§ **AIM OF THE EXERCISE**
What do the lines from the top of the data through the line with "2)) [i..<j]) (x i))" say? Quote them exactly and include both ends.

*** SUPPLIED RECORDS ***

lemma theta_x_last_first: "eq_on U (theta 0 (x n)) (\<lambda>t. t * theta (tail 1) (x 0) t)"
  unfolding eq_on_def
proof
  fix t assume t: "t \<in> U"
  define S where "S = (\<Sum>j\<le>n. \<beta> j * x j t)"
  have "1 - t \<noteq> 0"
    using t U by auto
  have "{..n} = insert 0 {0<..n}"
    by auto
  then have first: "theta (tail 1) (x 0) t = S + t / (1 - t) * S"
    using t theta_tail_x[of 0 t] theta_tail_odd[of 0] by (simp add: S_def)
  have last: "theta 0 (x n) t = t / (1 - t) * S"
    using t theta_tail_x[of n t] tail_last by (simp add: S_def)
  show "theta 0 (x n) t = t * theta (tail 1) (x 0) t"
    unfolding first last using \<open>1 - t \<noteq> 0\<close> by (simp add: field_simps)
qed

lemma theta_prod_x_chain:
  assumes "i \<le> j" "j \<le> n"
  shows "eq_on U (theta_prod (map (\<lambda>k. tail (2 * k + 2)) [i..<j]) (x i))
                 (theta_prod (map (\<lambda>k. tail (2 * k + 1)) [Suc i..<Suc j]) (x j))"
  using assms
proof (induction j rule: dec_induct)
  case (step j)
  let ?L = "map (\<lambda>k. tail (2 * k + 2)) [i..<j]"
  let ?M = "map (\<lambda>k. tail (2 * k + 1)) [Suc i..<Suc j]"
  have hol: "x i holomorphic_on U" "x j holomorphic_on U"
    using step x_holomorphic by auto
  have "theta_prod (map (\<lambda>k. tail (2 * k + 2)) [i..<Suc j]) (x i)
          = theta_prod ?L (theta (tail (2 * j + 2)) (x i))"
    using step.hyps by (simp add: theta_prod_append)
  also have "eq_on U \<dots> (theta (tail (2 * j + 2)) (theta_prod ?L (x i)))"
    by (rule eq_on_sym[OF theta_prod_commute[OF U(1) hol(1)]])
  also have "eq_on U \<dots> (theta (tail (2 * j + 2)) (theta_prod ?M (x j)))"
    using step by (intro theta_cong U(1)) simp
  also have "eq_on U \<dots> (theta_prod ?M (theta (tail (2 * j + 2)) (x j)))"
    by (rule theta_prod_commute[OF U(1) hol(2)])
  also have "eq_on U \<dots> (theta_prod ?M (theta (tail (2 * Suc j + 1)) (x (Suc j))))"
    using step theta_tail_x_Suc[of j] by (intro theta_prod_cong U(1)) simp
  also have "\<dots> = theta_prod (map (\<lambda>k. tail (2 * k + 1)) [Suc i..<Suc (Suc j)]) (x (Suc j))"
    using step.hyps by (simp add: theta_prod_append)
  finally show ?case .
qed simp

lemma hypergeometric_equation_reordered:
  assumes i: "i \<le> n"
  shows "eq_on U (theta_prod (lower_params i) (x i)) (\<lambda>t. t * theta_prod (upper_params i) (x i) t)"
proof -
  let ?B0 = "map (\<lambda>k. tail (2 * k + 2)) [0..<i]"
  let ?B0' = "map (\<lambda>k. tail (2 * k + 2) - 1) [0..<i]"
  let ?A2 = "map (\<lambda>k. tail (2 * k + 1)) [Suc i..<Suc n]"
  let ?A2' = "map (\<lambda>k. tail (2 * k + 1) + 1) [Suc i..<Suc n]"
  let ?A1 = "map (\<lambda>k. tail (2 * k + 1)) [1..<Suc i]"
  have hol: "x 0 holomorphic_on U" "x i holomorphic_on U" "x n holomorphic_on U"
    using i x_holomorphic by auto
  have shift: "map (\<lambda>c. c + 1) (?B0' @ ?A2) = ?B0 @ ?A2'"
    by simp
  have inner: "eq_on U (theta_prod (?B0 @ ?A2') (theta (tail 1) (x 0)))
                       (theta_prod (tail 1 # ?A2' @ ?A1) (x i))"
  proof -
    have "theta_prod (?B0 @ ?A2') (theta (tail 1) (x 0)) = theta_prod ((?B0 @ ?A2') @ [tail 1]) (x 0)"
      by (simp add: theta_prod_append)
    also have "eq_on U \<dots> (theta_prod ((tail 1 # ?A2') @ ?B0) (x 0))"
      by (rule theta_prod_perm[OF U(1) hol(1)]) simp
    also have "\<dots> = theta_prod (tail 1 # ?A2') (theta_prod ?B0 (x 0))"
      by (simp only: theta_prod_append)
    also have "eq_on U \<dots> (theta_prod (tail 1 # ?A2') (theta_prod ?A1 (x i)))"
      using theta_prod_x_chain[of 0 i] i by (intro theta_prod_cong U(1)) simp
    finally show ?thesis
      by (simp add: theta_prod_append)
  qed
  have "theta_prod (0 # ?B0' @ map (\<lambda>k. tail (2 * k + 2)) [i..<n]) (x i)
          = theta_prod (0 # ?B0') (theta_prod (map (\<lambda>k. tail (2 * k + 2)) [i..<n]) (x i))"
    by (simp add: theta_prod_append)
  also have "eq_on U \<dots> (theta_prod (0 # ?B0') (theta_prod ?A2 (x n)))"
    using theta_prod_x_chain[of i n] i by (intro theta_prod_cong U(1)) simp
  also have "eq_on U \<dots> (theta_prod ((?B0' @ ?A2) @ [0]) (x n))"
    by (simp only: theta_prod_append[symmetric] append_Cons) (rule theta_prod_perm[OF U(1) hol(3)], simp)
  also have "\<dots> = theta_prod (?B0' @ ?A2) (theta 0 (x n))"
    by (simp add: theta_prod_append)
  also have "eq_on U \<dots> (theta_prod (?B0' @ ?A2) (\<lambda>t. t * theta (tail 1) (x 0) t))"
    by (rule theta_prod_cong[OF U(1) theta_x_last_first])
  also have "eq_on U \<dots> (\<lambda>t. t * theta_prod (?B0 @ ?A2') (theta (tail 1) (x 0)) t)"
    using theta_prod_mult_ident[OF U(1) theta_holomorphic[OF U(1) hol(1)], of "?B0' @ ?A2"]
    by (simp only: shift)
  also have "eq_on U \<dots> (\<lambda>t. t * theta_prod (tail 1 # ?A2' @ ?A1) (x i) t)"
    by (rule eq_on_mult_left[OF inner])
  finally show ?thesis
    by (simp only: lower_params_def upper_params_def)
qed

end

theorem corollary3p2:
  fixes n :: nat and \<alpha> :: "nat \<Rightarrow> complex"
    and x :: "nat \<Rightarrow> complex \<Rightarrow> complex" and U :: "complex set"
  assumes n: "n \<ge> 1"
    and sum1: "(\<Sum>i\<le>2*n+1. \<alpha> i) = 1"
    and h1: "\<And>i j. 1 \<le> i \<Longrightarrow> i \<le> n \<Longrightarrow> 1 \<le> j \<Longrightarrow> j \<le> n - i + 1 \<Longrightarrow>
               asum n \<alpha> (2 * int i) (2 * int j - 1) \<notin> \<int>"
    and h2: "(\<Sum>i\<le>n. \<alpha> (2*i+1)) \<notin> \<int>"
    and h3: "\<And>i j. 1 \<le> i \<Longrightarrow> i \<le> n \<Longrightarrow> 1 \<le> j \<Longrightarrow> j \<le> n - i + 1 \<Longrightarrow>
               asum n \<alpha> (2 * int i - 1) (2 * int j - 1) \<notin> \<int>"
    and U: "open U" "0 \<notin> U" "1 \<notin> U"
    and ode: "\<And>k t. k \<le> n \<Longrightarrow> t \<in> U \<Longrightarrow>
               (x k has_field_derivative
                  (\<Sum>j\<le>n. (A0 n \<alpha> k j / t + A1 n \<alpha> k j / (1 - t)) * x j t)) (at t)"
  shows "\<forall>i\<le>n. \<forall>t\<in>U.
           theta_prod (0 # map (\<lambda>j. hg_b n \<alpha> i j - 1) [1..<n+1]) (x i) t
           - t * theta_prod (map (hg_a n \<alpha> i) [0..<n+1]) (x i) t = 0"
proof (intro allI impI ballI)
  fix i t assume i: "i \<le> n" and t: "t \<in> U"
  interpret fuchsian_system n \<alpha> x U
    using U ode by unfold_locales
  have hol: "x i holomorphic_on U"
    using i x_holomorphic by simp
  have "eq_on U (theta_prod (0 # map (\<lambda>j. hg_b n \<alpha> i j - 1) [1..<n+1]) (x i))
                (theta_prod (lower_params i) (x i))"
    using mset_hg_b[OF i] by (intro theta_prod_perm U(1) hol)
  also have "eq_on U \<dots> (\<lambda>t. t * theta_prod (upper_params i) (x i) t)"
    by (rule hypergeometric_equation_reordered[OF i])
  also have "eq_on U \<dots> (\<lambda>t. t * theta_prod (map (hg_a n \<alpha> i) [0..<n+1]) (x i) t)"
    using mset_hg_a[OF i] by (intro eq_on_mult_left theta_prod_perm U(1) hol) simp
  finally show "theta_prod (0 # map (\<lambda>j. hg_b n \<alpha> i j - 1) [1..<n+1]) (x i) t
                  - t * theta_prod (map (hg_a n \<alpha> i) [0..<n+1]) (x i) t = 0"
    using t by (simp add: eq_on_def)
qed

end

*** End of SUPPLIED RECORDS ***

§ **SOLUTION TO THIS PROBLEM**
lemma theta_x_last_first: "eq_on U (theta 0 (x n)) (\<lambda>t. t * theta (tail 1) (x 0) t)"
  unfolding eq_on_def
proof
  fix t assume t: "t \<in> U"
  define S where "S = (\<Sum>j\<le>n. \<beta> j * x j t)"
  have "1 - t \<noteq> 0"
    using t U by auto
  have "{..n} = insert 0 {0<..n}"
    by auto
  then have first: "theta (tail 1) (x 0) t = S + t / (1 - t) * S"
    using t theta_tail_x[of 0 t] theta_tail_odd[of 0] by (simp add: S_def)
  have last: "theta 0 (x n) t = t / (1 - t) * S"
    using t theta_tail_x[of n t] tail_last by (simp add: S_def)
  show "theta 0 (x n) t = t * theta (tail 1) (x 0) t"
    unfolding first last using \<open>1 - t \<noteq> 0\<close> by (simp add: field_simps)
qed

lemma theta_prod_x_chain:
  assumes "i \<le> j" "j \<le> n"
  shows "eq_on U (theta_prod (map (\<lambda>k. tail (2 * k + 2)) [i..<j]) (x i))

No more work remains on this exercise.